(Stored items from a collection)
——————
lemma (in normal) normal_center_of: "center_of G H \<lhd> G"
  unfolding normal_inv_iff
proof (intro conjI ballI)
  show "subgroup (center_of G H) G"
  proof (rule subgroupI)
    fix a b assume a: "a \<in> center_of G H" and b: "b \<in> center_of G H"
    note ab = mem_carrier[OF center_of_mem[OF a]] mem_carrier[OF center_of_mem[OF b]]
    show "a \<otimes> b \<in> center_of G H"
    proof (rule center_of_memI)
      show "a \<otimes> b \<in> H" using a b by (simp add: center_of_mem)
      fix h assume h: "h \<in> H"
      have "a \<otimes> b \<otimes> h = a \<otimes> (h \<otimes> b)"
        using ab h by (simp add: m_assoc center_of_commute[OF b h])
      also have "\<dots> = (a \<otimes> h) \<otimes> b"
        using ab h by (simp add: m_assoc)
      also have "\<dots> = h \<otimes> (a \<otimes> b)"
        using ab h by (simp add: m_assoc center_of_commute[OF a h])
      finally show "a \<otimes> b \<otimes> h = h \<otimes> (a \<otimes> b)" .
    qed
  next
    fix a assume a: "a \<in> center_of G H"
    note aH = center_of_mem[OF a]
    show "inv a \<in> center_of G H"
    proof (rule center_of_memI)
      show "inv a \<in> H" using aH by (rule m_inv_closed)
      fix h assume "h \<in> H"
      then show "inv a \<otimes> h = h \<otimes> inv a"
        using aH by (intro inv_commute center_of_commute[OF a]) simp_all
    qed
  next
    show "center_of G H \<subseteq> carrier G"
      by (auto dest: center_of_mem)
    have "\<one> \<in> center_of G H"
      by (rule center_of_memI) simp_all
    then show "center_of G H \<noteq> {}" by blast
  qed
next
  fix g c assume g: "g \<in> carrier G" and c: "c \<in> center_of G H"
  have cH: "c \<in> H" using c by (rule center_of_mem)
  have "tauH G g c \<in> center_of G H"
  proof (rule center_of_memI)
    show "tauH G g c \<in> H" using g cH by (rule tauH_mem)
    fix h assume h: "h \<in> H"
    obtain k where k: "k \<in> H" "h = tauH G g k"
      using h tauH_image[OF g] by blast
    then show "tauH G g c \<otimes> h = h \<otimes> tauH G g c"
      using g cH by (simp add: center_of_commute[OF c k(1)] tauH_mult [symmetric])
  qed
  then show "g \<otimes> c \<otimes> inv g \<in> center_of G H"
    by (simp add: tauH_def)
qed

locale inner_real_form = normal H E for H and E (structure) +
  fixes x
  assumes x_closed: "x \<in> carrier E"
    and square_central: "x \<otimes> x \<in> center_of E H"
begin

abbreviation C where "C \<equiv> center_of E H"
abbreviation \<tau> where "\<tau> \<equiv> tauH E x"

sublocale center: normal C E
  by (rule normal_center_of)

lemma tau_mem: "h \<in> H \<Longrightarrow> \<tau> h \<in> H"
  using x_closed by (rule tauH_mem)

lemma tau_mem_center: "c \<in> C \<Longrightarrow> \<tau> c \<in> C"
  using x_closed by (rule center.tauH_mem)

lemma tau_tau: "h \<in> H \<Longrightarrow> \<tau> (\<tau> h) = h"
  using x_closed square_central
  by (simp add: tauH_tauH tauH_commuting center_of_commute center_of_mem mem_carrier)

lemma twisted_norm_mult_central:
  assumes v: "v \<in> H" and c: "c \<in> C"
  shows "(v \<otimes> c) \<otimes> \<tau> (v \<otimes> c) = (v \<otimes> \<tau> v) \<otimes> (c \<otimes> \<tau> c)"
proof -
  note car = mem_carrier[OF v] center.mem_carrier[OF c]
  have "(v \<otimes> c) \<otimes> \<tau> (v \<otimes> c) = v \<otimes> (c \<otimes> \<tau> v) \<otimes> \<tau> c"
    using car x_closed by (simp add: tauH_mult m_assoc)
  also have "\<dots> = (v \<otimes> \<tau> v) \<otimes> (c \<otimes> \<tau> c)"
    using car x_closed by (simp add: center_of_commute[OF c tau_mem[OF v]] m_assoc)
  finally show ?thesis .
qed

lemma twisted_norm_twisted_conj:
  assumes b: "b \<in> H" and z: "z \<in> H" and zz: "z \<otimes> \<tau> z \<in> C"
  shows "(inv b \<otimes> z \<otimes> \<tau> b) \<otimes> \<tau> (inv b \<otimes> z \<otimes> \<tau> b) = z \<otimes> \<tau> z"
proof -
  note car = mem_carrier[OF b] mem_carrier[OF z] x_closed
  have "\<tau> (inv b \<otimes> z \<otimes> \<tau> b) = inv (\<tau> b) \<otimes> \<tau> z \<otimes> b"
    using car by (simp add: tauH_mult tauH_inv tau_tau[OF b])
  then have "(inv b \<otimes> z \<otimes> \<tau> b) \<otimes> \<tau> (inv b \<otimes> z \<otimes> \<tau> b) = inv b \<otimes> ((z \<otimes> \<tau> z) \<otimes> b)"
    using car by (simp add: m_assoc)
  also have "\<dots> = z \<otimes> \<tau> z"
    using car by (simp add: center_of_commute[OF zz b])
  finally show ?thesis .
qed

lemma subgroup_B2: "subgroup (B2 E x C) E"
proof (rule subgroupI)
  show "B2 E x C \<subseteq> carrier E"
    using x_closed by (auto simp: B2_def center.mem_carrier)
  have "\<one> = \<one> \<otimes> \<tau> \<one>"
    using x_closed by (simp add: tauH_one)
  then show "B2 E x C \<noteq> {}"
    unfolding B2_def using center.one_closed by blast
next
  fix a assume "a \<in> B2 E x C"
  then obtain c where c: "c \<in> C" "a = c \<otimes> \<tau> c" by (auto simp: B2_def)
  note car = center.mem_carrier[OF c(1)] center.mem_carrier[OF tau_mem_center[OF c(1)]]
  have "inv a = inv (\<tau> c) \<otimes> inv c"
    using c car by (simp add: inv_mult_group)
  also have "\<dots> = inv c \<otimes> \<tau> (inv c)"
    using car x_closed
      center_of_commute[OF center.m_inv_closed[OF c(1)] m_inv_closed[OF tau_mem[OF center_of_mem[OF c(1)]]]]
    by (simp add: tauH_inv)
  finally show "inv a \<in> B2 E x C"
    unfolding B2_def using center.m_inv_closed[OF c(1)] by blast
next
  fix a b assume "a \<in> B2 E x C" "b \<in> B2 E x C"
  then obtain c d where c: "c \<in> C" and d: "d \<in> C" and "a = c \<otimes> \<tau> c" "b = d \<otimes> \<tau> d"
    by (auto simp: B2_def)
  then have "a \<otimes> b = (c \<otimes> d) \<otimes> \<tau> (c \<otimes> d)"
    using twisted_norm_mult_central[OF center_of_mem[OF c] d] by simp
  then show "a \<otimes> b \<in> B2 E x C"
    unfolding B2_def using center.m_closed[OF c d] by blast
qed

lemma mem_H2_class: "a \<in> carrier E \<Longrightarrow> a \<in> H2_class E x C a"
  unfolding H2_class_def l_coset_def using subgroup.one_closed[OF subgroup_B2] by force

lemma H2_class_mult_B2:
  assumes a: "a \<in> carrier E" and d: "d \<in> B2 E x C"
  shows "H2_class E x C (a \<otimes> d) = H2_class E x C a"
proof -
  have "a \<otimes> d \<in> a <# B2 E x C"
    using d by (auto simp: l_coset_def)
  then show ?thesis
    unfolding H2_class_def using a subgroup_B2 by (metis l_repr_independence)
qed

lemma rcos_twisted_action:
  assumes b: "b \<in> H" and z: "z \<in> H"
  shows "(C #> inv b) <#> (C #> z) <#> (C #> \<tau> b) = C #> (inv b \<otimes> z \<otimes> \<tau> b)"
  using b z x_closed by (simp add: center.rcos_sum mem_carrier tau_mem)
——————
• [Exercise description] Please write the entries out again exactly as they stand.

• [Result of this exercise]
lemma (in normal) normal_center_of: "center_of G H \<lhd> G"
  unfolding normal_inv_iff
proof (intro conjI ballI)
  show "subgroup (center_of G H) G"
  proof (rule subgroupI)
    fix a b assume a: "a \<in> center_of G H" and b: "b \<in> center_of G H"
    note ab = mem_carrier[OF center_of_mem[OF a]] mem_carrier[OF center_of_mem[OF b]]
    show "a \<otimes> b \<in> center_of G H"
    proof (rule center_of_memI)
      show "a \<otimes> b \<in> H" using a b by (simp add: center_of_mem)
      fix h assume h: "h \<in> H"
      have "a \<otimes> b \<otimes> h = a \<otimes> (h \<otimes> b)"
        using ab h by (simp add: m_assoc center_of_commute[OF b h])
      also have "\<dots> = (a \<otimes> h) \<otimes> b"
        using ab h by (simp add: m_assoc)
      also have "\<dots> = h \<otimes> (a \<otimes> b)"
        using ab h by (simp add: m_assoc center_of_commute[OF a h])
      finally show "a \<otimes> b \<otimes> h = h \<otimes> (a \<otimes> b)" .
    qed
  next
    fix a assume a: "a \<in> center_of G H"
    note aH = center_of_mem[OF a]
    show "inv a \<in> center_of G H"
    proof (rule center_of_memI)
      show "inv a \<in> H" using aH by (rule m_inv_closed)
      fix h assume "h \<in> H"
      then show "inv a \<otimes> h = h \<otimes> inv a"
        using aH by (intro inv_commute center_of_commute[OF a]) simp_all
    qed
  next
    show "center_of G H \<subseteq> carrier G"
      by (auto dest: center_of_mem)
    have "\<one> \<in> center_of G H"
      by (rule center_of_memI) simp_all
    then show "center_of G H \<noteq> {}" by blast
  qed
next
  fix g c assume g: "g \<in> carrier G" and c: "c \<in> center_of G H"
  have cH: "c \<in> H" using c by (rule center_of_mem)
  have "tauH G g c \<in> center_of G H"
  proof (rule center_of_memI)
    show "tauH G g c \<in> H" using g cH by (rule tauH_mem)
    fix h assume h: "h \<in> H"
    obtain k where k: "k \<in> H" "h = tauH G g k"
      using h tauH_image[OF g] by blast
    then show "tauH G g c \<otimes> h = h \<otimes> tauH G g c"
      using g cH by (simp add: center_of_commute[OF c k(1)] tauH_mult [symmetric])
  qed
  then show "g \<otimes> c \<otimes> inv g \<in> center_of G H"
    by (simp add: tauH_def)
qed

locale inner_real_form = normal H E for H and E (structure) +
  fixes x
  assumes x_closed: "x \<in> carrier E"
    and square_central: "x \<otimes> x \<in> center_of E H"
begin

abbreviation C where "C \<equiv> center_of E H"
abbreviation \<tau> where "\<tau> \<equiv> tauH E x"

sublocale center: normal C E
  by (rule normal_center_of)

lemma tau_mem: "h \<in> H \<Longrightarrow> \<tau> h \<in> H"
  using x_closed by (rule tauH_mem)

lemma tau_mem_center: "c \<in> C \<Longrightarrow> \<tau> c \<in> C"
  using x_closed by (rule center.tauH_mem)

lemma tau_tau: "h \<in> H \<Longrightarrow> \<tau> (\<tau> h) = h"
  using x_closed square_central
  by (simp add: tauH_tauH tauH_commuting center_of_commute center_of_mem mem_carrier)

lemma twisted_norm_mult_central:
  assumes v: "v \<in> H" and c: "c \<in> C"
  shows "(v \<otimes> c) \<otimes> \<tau> (v \<otimes> c) = (v \<otimes> \<tau> v) \<otimes> (c \<otimes> \<tau> c)"
proof -
  note car = mem_carrier[OF v] center.mem_carrier[OF c]
  have "(v \<otimes> c) \<otimes> \<tau> (v \<otimes> c) = v \<otimes> (c \<otimes> \<tau> v) \<otimes> \<tau> c"
    using car x_closed by (simp add: tauH_mult m_assoc)
  also have "\<dots> = (v \<otimes> \<tau> v) \<otimes> (c \<otimes> \<tau> c)"
    using car x_closed by (simp add: center_of_commute[OF c tau_mem[OF v]] m_assoc)
  finally show ?thesis .
qed

lemma twisted_norm_twisted_conj:
  assumes b: "b \<in> H" and z: "z \<in> H" and zz: "z \<otimes> \<tau> z \<in> C"
  shows "(inv b \<otimes> z \<otimes> \<tau> b) \<otimes> \<tau> (inv b \<otimes> z \<otimes> \<tau> b) = z \<otimes> \<tau> z"
proof -
  note car = mem_carrier[OF b] mem_carrier[OF z] x_closed
  have "\<tau> (inv b \<otimes> z \<otimes> \<tau> b) = inv (\<tau> b) \<otimes> \<tau> z \<otimes> b"
    using car by (simp add: tauH_mult tauH_inv tau_tau[OF b])
  then have "(inv b \<otimes> z \<otimes> \<tau> b) \<otimes> \<tau> (inv b \<otimes> z \<otimes> \<tau> b) = inv b \<otimes> ((z \<otimes> \<tau> z) \<otimes> b)"
    using car by (simp add: m_assoc)
  also have "\<dots> = z \<otimes> \<tau> z"
    using car by (simp add: center_of_commute[OF zz b])
  finally show ?thesis .
qed

lemma subgroup_B2: "subgroup (B2 E x C) E"
proof (rule subgroupI)
  show "B2 E x C \<subseteq> carrier E"
    using x_closed by (auto simp: B2_def center.mem_carrier)
  have "\<one> = \<one> \<otimes> \<tau> \<one>"
    using x_closed by (simp add: tauH_one)
  then show "B2 E x C \<noteq> {}"
    unfolding B2_def using center.one_closed by blast
next
  fix a assume "a \<in> B2 E x C"
  then obtain c where c: "c \<in> C" "a = c \<otimes> \<tau> c" by (auto simp: B2_def)
  note car = center.mem_carrier[OF c(1)] center.mem_carrier[OF tau_mem_center[OF c(1)]]
  have "inv a = inv (\<tau> c) \<otimes> inv c"
    using c car by (simp add: inv_mult_group)
  also have "\<dots> = inv c \<otimes> \<tau> (inv c)"
    using car x_closed
      center_of_commute[OF center.m_inv_closed[OF c(1)] m_inv_closed[OF tau_mem[OF center_of_mem[OF c(1)]]]]
    by (simp add: tauH_inv)
  finally show "inv a \<in> B2 E x C"
    unfolding B2_def using center.m_inv_closed[OF c(1)] by blast
next
  fix a b assume "a \<in> B2 E x C" "b \<in> B2 E x C"
  then obtain c d where c: "c \<in> C" and d: "d \<in> C" and "a = c \<otimes> \<tau> c" "b = d \<otimes> \<tau> d"
    by (auto simp: B2_def)
  then have "a \<otimes> b = (c \<otimes> d) \<otimes> \<tau> (c \<otimes> d)"
    using twisted_norm_mult_central[OF center_of_mem[OF c] d] by simp
  then show "a \<otimes> b \<in> B2 E x C"
    unfolding B2_def using center.m_closed[OF c d] by blast
qed

lemma mem_H2_class: "a \<in> carrier E \<Longrightarrow> a \<in> H2_class E x C a"
  unfolding H2_class_def l_coset_def using subgroup.one_closed[OF subgroup_B2] by force

lemma H2_class_mult_B2:
  assumes a: "a \<in> carrier E" and d: "d \<in> B2 E x C"
  shows "H2_class E x C (a \<otimes> d) = H2_class E x C a"
proof -
  have "a \<otimes> d \<in> a <# B2 E x C"
    using d by (auto simp: l_coset_def)
  then show ?thesis
    unfolding H2_class_def using a subgroup_B2 by (metis l_repr_independence)
qed

lemma rcos_twisted_action:
  assumes b: "b \<in> H" and z: "z \<in> H"
  shows "(C #> inv b) <#> (C #> z) <#> (C #> \<tau> b) = C #> (inv b \<otimes> z \<otimes> \<tau> b)"
  using b z x_closed by (simp add: center.rcos_sum mem_carrier tau_mem)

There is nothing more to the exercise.